A generalised fit more beneficial to drug design
recommends that a loose fit may be the best fit especially when
producing drugs for thyroid related conditions.
The findings go against the notion that the stronger the association between a hormone and its receptor, the more effective the cellular signalling. If the findings hold true for similar hormone-receptor reactions, they could help change the way that drug therapies are designed for smell and taste disorders to heart disease, asthma, migraine, and pain.
Scientists have discovered that the improved performance is related to how closely coupled the chemical and receptor are with a loose connection being more effective than a tight one.
They started by inspecting the thyrotropin-releasing hormone (TRH), which is released in the brain that stimulates thyroid gland activity.
Cells recognise TRH using a receptor belonging to a family of proteins known as G-protein-coupled receptors (GPCRs), which play a lead role in cell-to-cell communication.
When a hormone binds to its designated GPCR on the outside of a cell, a specific G-protein is activated within the cell, initiating a cascade of biochemical events leading to the appropriate cellular response to that hormone.
"GPCRs are the targets of roughly a third of medicines sold today, so if this finding for TRH holds for other GPCR targets, it could have significant implications for drug development," said Marvin Gershengorn, director of NIDDK's Division of Intramural Research and senior author of the paper.

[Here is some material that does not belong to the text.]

(* Let $U$ be a countably infinite universe, $\mathcal{C}=(L_1,L_2,\ldots)$ a countably infinite collection of languages over $U$, and consider the Noisy Procedure in the context. For any $n\ge0$, $i\ge1$, and any step $l\ge p(n,i)$ (where $p(n,i)$ is the position of $(n,i)$ in the diagonal order), let $k$ be the position of the entry $L_{n,i}$ in $\mathcal{C}'_l=(L'_1,\ldots,L'_l)$ at the end of step $l$. Then $T(L_{n,i})$ is a set of maximum size among all sets $T$ satisfying: $T$ is finite, and there exists a subcollection $\mathcal{D}$ of the entries $(L'_1,\ldots,L'_k)$ that includes $L'_k$, whose intersection $\bigcap_{L_{a,b}\in\mathcal{D}}L_b$ is finite, and such that $T$ is $a$-contained in $L_b$ for every entry $L_{a,b}\in\mathcal{D}$.
   Context: A language is an infinite subset of $U$; a collection is a sequence of languages (repetitions allowed, entries distinguished by index). For a set $T$, language $L$ and integer $a\ge0$, $T$ is $a$-contained in $L$ if $\sum_{x\in T}\mathbf{1}[x\notin L]\le a$. Diagonal order: pairs $(n,i)$, $n\ge0$, $i\ge1$, ordered as $(0,1),(1,1),(0,2),(2,1),(1,2),(0,3),\ldots$, i.e. for $n'=0,1,2,\ldots$ and $h=0,\ldots,n'$ the pair $(n'-h,h+1)$. Each pair $(a,b)$ has an entry $L_{a,b}$, a copy of $L_b$ labelled $(a,b)$. Noisy Procedure. Set $\mathcal{C}'_0=()$. For $l=1,2,\ldots$, let $(n,i)$ be the $l$-th pair; append $L_{n,i}$ to the end of $\mathcal{C}'_{l-1}$ to get $\mathcal{C}'_l=(L'_1,\ldots,L'_l)$, set $j=l$. Repeat: (A) let $T$ be a finite subset of $U$ of largest size for which there is a subcollection $\mathcal{D}$ of the entries $(L'_1,\ldots,L'_j)$ including $L'_j$, with $T$ $a$-contained in $L_b$ for every entry $L_{a,b}\in\mathcal{D}$ and $\bigcap_{L_{a,b}\in\mathcal{D}}L_b$ finite; let $\mathcal{C}_{\mathrm{chk}}$ be such a $\mathcal{D}$ and $m_{\mathrm{chk}}=|T|$ ($0$ if no such $\mathcal{D}$ exists). (B) If $j\le1$ or $m_{\mathrm{chk}}>m^\star_a(L_b)$ where $L'_{j-1}=L_{a,b}$, stop. (C) Otherwise swap the entries at positions $j-1,j$ in $\mathcal{C}'_l$, set $j\leftarrow j-1$, return to (A). On stopping, set $T(L_{n,i})=T$, $\mathcal{C}(L_{n,i})=\mathcal{C}_{\mathrm{chk}}$, $m^\star_n(L_i)=m_{\mathrm{chk}}$; the ordering $\mathcal{C}'_l$ at the end of step $l$ is the one obtained when this loop stops. *)

theory Defs
  imports Main "HOL-Library.Countable_Set"
begin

By tweaking portions of the TRH molecule, the researchers developed six slightly edited versions, while retaining most of the properties of the natural hormone.
Measuring the cellular response when hormone meets receptor, they found that the lower the affinity between the two, the stronger the signal that is elicited, with certain analogs performing up to twice as effectively as TRH.
As to why this would be the case, the researchers suggest that a loose connection between hormone and GPCR may allow a hormone to repetitively dock to and undock from its associated GPCR, activating a succession of G-proteins, and firing signal after signal.
A tight connection, alternatively, may tie up a hormone with its GPCR, activating one G-protein, and limiting its signalling ability.
"At first glance, a cellular process that affects the thyroid gland may not seem especially meaningful to the study of communication disorders," says John Northup, who heads the Section on Signal Transduction of NIDCD's Laboratory of Cellular Biology.
"However this research provides information that is fundamental to cellular signalling, a function that is essential to all cells in all systems in the body, including our sensory systems of hearing, balance, taste, and smell."
In future studies, the scientists hope to determine whether their findings are consistent with other hormone-GPCR reactions.
To illustrate just how important GPCR-based drugs are, 12 of the top 20 selling drugs, including Coreg for congestive heart failure, Cozaar for high blood pressure, Zoladex for breast cancer, Buspar for anxiety and Clozaril for schizophrenia, as well as by Zantac and Claritin, use this mechanism of action. Together the drug class accounts for $200bn (€159 bn) in annual sales.
The study is published in the May 12, 2006, issue of the >Journal of Biological Chemistry.